Строгие суждения - [2]
В итоге предлагаемый том моей незапланированной англоязычной прозы, лишенный ее длинной русской тени, в целом, кажется, отражает более привлекательную личность, чем «В. Сирин», вызывающий смешанные чувства у мемуаристов-эмигрантов, политиков, поэтов и мистиков, которые еще помнят наши баталии в Париже 1930-х годов. Ныне мои суждения, пускай и строгие, выдают кроткий, покладистый нрав; и так и должно быть.
Владимир Набоков
Монтрё, 1973 год
Перевод Сергея Антонова
Интервью
1
Утром 5 июня 1962 года «Королева Елизавета» доставила мою жену и меня из Шербура в Нью-Йорк, на премьеру фильма «Лолита». В день нашего приезда трое или четверо журналистов взяли у меня интервью в отеле «Сент-Реджис». В моем карманном дневнике сохранилась гроздь имен, но я не уверен, относятся ли какие-нибудь из них к той группе репортеров. Вопросы и ответы были напечатаны на машинке с моих заметок сразу после интервью.
Журналисты считают вас не слишком общительным человеком. Почему это так?
Я горжусь тем, что никогда не стремился к признанию в обществе. Я никогда в жизни не напивался. Никогда не употреблял мальчишеских слов из трех букв. Никогда не работал в конторе или угольной шахте. Никогда не принадлежал к какому-либо клубу или группе. Ни одно учение или направление никогда не оказывали на меня ни малейшего влияния. Ничто не утомляет меня больше, чем политические романы и литература социальной направленности.
Все же должно быть что-то, что вас волнует… Ваши пристрастия и предубеждения.
То, что вызывает во мне отвращение, несложно перечислить: тупость, тирания, преступление, жестокость, популярная музыка. Мои пристрастия – самые сильные из известных человеку: сочинительство и ловля бабочек.
Вы пишете от руки, не так ли?
Да, я не умею печатать.
Не согласились бы вы показать нам образец своих рукописей?
Боюсь, я вынужден отказаться. Только амбициозные ничтожества и прекраснодушные посредственности выставляют на обозрение свои черновики. Это все равно что передавать по кругу образцы собственной мокроты.

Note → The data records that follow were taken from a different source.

text \<open>The inequality ln y \<ge> 1 - 1 / y at y = x * Z / (r * exp (- a / \<epsilon>)); summed over j it
  gives Gibbs' variational inequality.\<close>
lemma gibbs_variational_term:
  assumes "r > 0" "x \<ge> 0" "Z > 0" "\<epsilon> > 0"
  shows "\<epsilon> * (x - r * exp (- a / \<epsilon>) / Z) - \<epsilon> * x * ln Z \<le> a * x + \<epsilon> * xlogx x r"
proof (cases "x = 0")
  case True
  then show ?thesis using assms by (simp add: xlogx_def)
next
  case False
  then have x: "x > 0" using assms by simp
  define y where "y = x * Z / (r * exp (- a / \<epsilon>))"
  have y: "y > 0" unfolding y_def using x assms by simp
  have "1 - 1 / y \<le> ln y" using ln_le_minus_one[of "1 / y"] y by (simp add: ln_div)
  then have "\<epsilon> * x * (1 - 1 / y) \<le> \<epsilon> * x * ln y" using x assms by (intro mult_left_mono) auto
  moreover have "\<epsilon> * x * (1 - 1 / y) = \<epsilon> * (x - r * exp (- a / \<epsilon>) / Z)"
    unfolding y_def using x assms by (simp add: field_simps)
  moreover have "\<epsilon> * x * ln y = a * x + \<epsilon> * xlogx x r + \<epsilon> * x * ln Z"
    unfolding y_def xlogx_def using x assms by (simp add: ln_div ln_mult field_simps)
  ultimately show ?thesis by linarith
qed

lemma gibbs_variational_le:
  fixes a x :: "'a \<Rightarrow> real"
  assumes "finite J" "J \<noteq> {}" "\<epsilon> > 0" "\<forall>j\<in>J. x j \<ge> 0" "(\<Sum>j\<in>J. x j) = r"
  shows "- \<epsilon> * r * ln (\<Sum>j\<in>J. exp (- a j / \<epsilon>)) \<le> (\<Sum>j\<in>J. a j * x j + \<epsilon> * xlogx (x j) r)"
proof -
  define Z where "Z = (\<Sum>j\<in>J. exp (- a j / \<epsilon>))"
  have Z: "Z > 0" unfolding Z_def using assms(1,2) by (intro sum_pos) auto
  have r: "r \<ge> 0" using assms(4,5) sum_nonneg[of J x] by auto
  show ?thesis
  proof (cases "r = 0")
    case True
    then have "\<forall>j\<in>J. x j = 0" using assms(1,4,5) sum_nonneg_eq_0_iff[of J x] by auto
    then show ?thesis using True by (simp add: xlogx_def)
  next
    case False
    then have "r > 0" using r by simp
    have "(\<Sum>j\<in>J. \<epsilon> * (x j - r * exp (- a j / \<epsilon>) / Z) - \<epsilon> * x j * ln Z)
        \<le> (\<Sum>j\<in>J. a j * x j + \<epsilon> * xlogx (x j) r)"
      using \<open>r > 0\<close> Z assms(3,4) by (intro sum_mono gibbs_variational_term) auto
    moreover have "(\<Sum>j\<in>J. \<epsilon> * (x j - r * exp (- a j / \<epsilon>) / Z) - \<epsilon> * x j * ln Z)
        = \<epsilon> * ((\<Sum>j\<in>J. x j) - r * Z / Z) - \<epsilon> * (\<Sum>j\<in>J. x j) * ln Z"
      unfolding Z_def
      by (simp add: sum_subtractf sum_distrib_left sum_distrib_right sum_divide_distrib right_diff_distrib)
    ultimately show ?thesis using assms(5) Z unfolding Z_def by simp
  qed
qed

lemma gibbs_variational_eq:
  fixes a :: "'a \<Rightarrow> real"
  assumes "finite J" "J \<noteq> {}" "\<epsilon> > 0" "r \<ge> 0"
  defines "Z \<equiv> (\<Sum>j\<in>J. exp (- a j / \<epsilon>))"
  shows "(\<Sum>j\<in>J. a j * (r * exp (- a j / \<epsilon>) / Z) + \<epsilon> * xlogx (r * exp (- a j / \<epsilon>) / Z) r)
         = - \<epsilon> * r * ln Z"
proof (cases "r = 0")
  case True
  then show ?thesis by (simp add: xlogx_def)
next
  case False
  then have "r > 0" using assms(4) by simp
  have Z: "Z > 0" unfolding Z_def using assms(1,2) by (intro sum_pos) auto
  have "a j * (r * exp (- a j / \<epsilon>) / Z) + \<epsilon> * xlogx (r * exp (- a j / \<epsilon>) / Z) r
        = (- \<epsilon> * r * ln Z / Z) * exp (- a j / \<epsilon>)" for j
    unfolding xlogx_def using \<open>r > 0\<close> Z assms(3) by (simp add: ln_div field_simps)
  then have "(\<Sum>j\<in>J. a j * (r * exp (- a j / \<epsilon>) / Z) + \<epsilon> * xlogx (r * exp (- a j / \<epsilon>) / Z) r)
        = (- \<epsilon> * r * ln Z / Z) * Z"
    unfolding Z_def by (simp add: sum_distrib_left)
  then show ?thesis using Z by simp
qed
(* Let $\Sigma=(X,\mathcal{S},\phi)$ be a forward complete dynamical system whose transition map $\phi$ is $\mathcal{S}$-uniformly continuous. Assume $\Sigma$ is USGES, and let $r\mapsto M(r)>0$, $r\mapsto\lambda(r)>0$ be functions such that $\|\phi(t,x,\sigma)\|\le M(r)e^{-\lambda(r)t}\|x\|$ for all $r>0$, $t\ge0$, $x\in B_X(0,r)$, $\sigma\in\mathcal{S}$. Then for every $r>0$ there exist $\underline{c}_r,\overline{c}_r>0$ and a continuous functional $V_r:X\to\mathbb{R}_+$ such that $$\underline{c}_r\|x\|\le V_r(x)\le\overline{c}_r\|x\|\quad\forall x\in B_X(0,r),$$ $$\overline{D}_\sigma V_r(x)\le-\|x\|\quad\forall x\in B_X(0,r),\ \forall\sigma\in\mathcal{S},$$ and $V_r=V_R$ on $X$ for every $R>0$ such that $\lambda(r)=\lambda(R)$ and $M(r)=M(R)$. Moreover, if $\phi$ is $\mathcal{S}$-uniformly Lipschitz continuous (respectively, $\mathcal{S}$-uniformly Lipschitz continuous on bounded sets), then $V_r$ can be taken Lipschitz continuous (respectively, Lipschitz continuous on bounded sets).
   Context: $(X,\|\cdot\|)$ is a Banach space and $B_X(x,r)$ is the closed ball of center $x$ and radius $r$. Let $\mathcal{Q}$ be a nonempty set and $\mathcal{S}$ a set of functions $\sigma:\mathbb{R}_+\to\mathcal{Q}$ closed by time-shift (for $\sigma\in\mathcal{S}$, $\tau\ge0$, $\mathbb{T}_\tau\sigma:s\mapsto\sigma(\tau+s)$ is in $\mathcal{S}$) and by concatenation (for $\sigma_1,\sigma_2\in\mathcal{S}$, $\tau>0$, the function equal to $\sigma_1$ on $[0,\tau]$ and with $\sigma(\tau+t)=\sigma_2(t)$ for $t>0$ is in $\mathcal{S}$). A triple $\Sigma=(X,\mathcal{S},\phi)$ with $\phi:\mathbb{R}_+\times X\times\mathcal{S}\to X$ is a forward complete dynamical system if: $\phi(0,x,\sigma)=x$; $\phi(t,x,\tilde\sigma)=\phi(t,x,\sigma)$ whenever $\tilde\sigma=\sigma$ on $[0,t]$; $t\mapsto\phi(t,x,\sigma)$ is continuous; $\phi(\tau,\phi(t,x,\sigma),\mathbb{T}_t\sigma)=\phi(t+\tau,x,\sigma)$ for all $t,\tau\ge0$. $\Sigma$ is USGES if for every $r>0$ there exist $M(r),\lambda(r)>0$ with $\|\phi(t,x,\sigma)\|\le M(r)e^{-\lambda(r)t}\|x\|$ for all $t\ge0$, $x\in B_X(0,r)$, $\sigma\in\mathcal{S}$. The upper Dini derivative is $\overline{D}_\sigma V(x)=\limsup_{h\downarrow0}\frac1h\big(V(\phi(h,x,\sigma))-V(x)\big)$. $\phi$ is $\mathcal{S}$-uniformly continuous if for every $\bar t>0$, $x\in X$, $\varepsilon>0$ there is $\eta>0$ with $\|\phi(t,x,\sigma)-\phi(t,y,\sigma)\|\le\varepsilon$ for all $t\in[0,\bar t]$, $y\in B_X(x,\eta)$, $\sigma\in\mathcal{S}$. $\phi$ is $\mathcal{S}$-uniformly Lipschitz continuous if for every $\bar t>0$ there is $l(\bar t)>0$ with $\|\phi(t,x,\sigma)-\phi(t,y,\sigma)\|\le l(\bar t)\|x-y\|$ for all $t\in[0,\bar t]$, $x,y\in X$, $\sigma\in\mathcal{S}$; it is $\mathcal{S}$-uniformly Lipschitz continuous on bounded sets if for every $\bar t,R>0$ there is $l(\bar t,R)>0$ with the same inequality for all $t\in[0,\bar t]$, $x,y\in B_X(0,R)$, $\sigma\in\mathcal{S}$. *)

theory Defs
  imports "HOL-Analysis.Analysis"
begin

Читаете ли вы современные романы? Почему вы смеетесь?
Я смеюсь потому, что благонамеренные издатели все посылают мне – со словами «надеемся-Вам-это-понравится-так-же-как-понравилось-нам» – только один тип литературы: романы, начиненные непристойностями, заковыристыми словечками и происшествиями с претензией на сверхъестественность. Создается впечатление, что их пишет один и тот же автор – который не является и тенью моей тени.
Каково ваше мнение о так называемом «антиромане» во Франции?
Меня не интересуют литературные группы, течения, школы и так далее. Увлечь меня может только художник. Этого «антиромана» на самом деле не существует, но во Франции живет один великий писатель, Роб-Грийе; его работам гротескно подражает некоторое число банальных бумагомарателей, которым липовый ярлык оказывает коммерческое содействие.
Я заметил, вы часто запинаетесь и хмыкаете. Может быть, это признак надвигающейся старости?
Вовсе нет. Я всегда был скверным оратором. Мой словарный запас обитает глубоко в сознании, и, чтобы выползти в область физического воплощения, ему необходима бумага. Спонтанное красноречие представляется мне чудом. Я переписал – зачастую по нескольку раз – каждое из своих когда-либо опубликованных слов. Мои карандаши переживают свои ластики.
Как насчет выступлений по телевидению?
Ну (на телевидении всегда начинаешь с «ну»), после одного такого выступления в Лондоне пару лет назад один наивный критик обвинил меня в том, что я ерзаю, стремясь избежать кинокамеры. Интервью, конечно же, было тщательно срежиссировано. Я тщательно составил все свои ответы (и большую часть вопросов) и, учитывая, что я такой беспомощный собеседник, разложил перед собой свои (позже где-то затерявшиеся) записи на справочных карточках – прячась за какими-то невинными декорациями; в результате я был неспособен ни глядеть в камеру, ни ухмыляться интервьюеру.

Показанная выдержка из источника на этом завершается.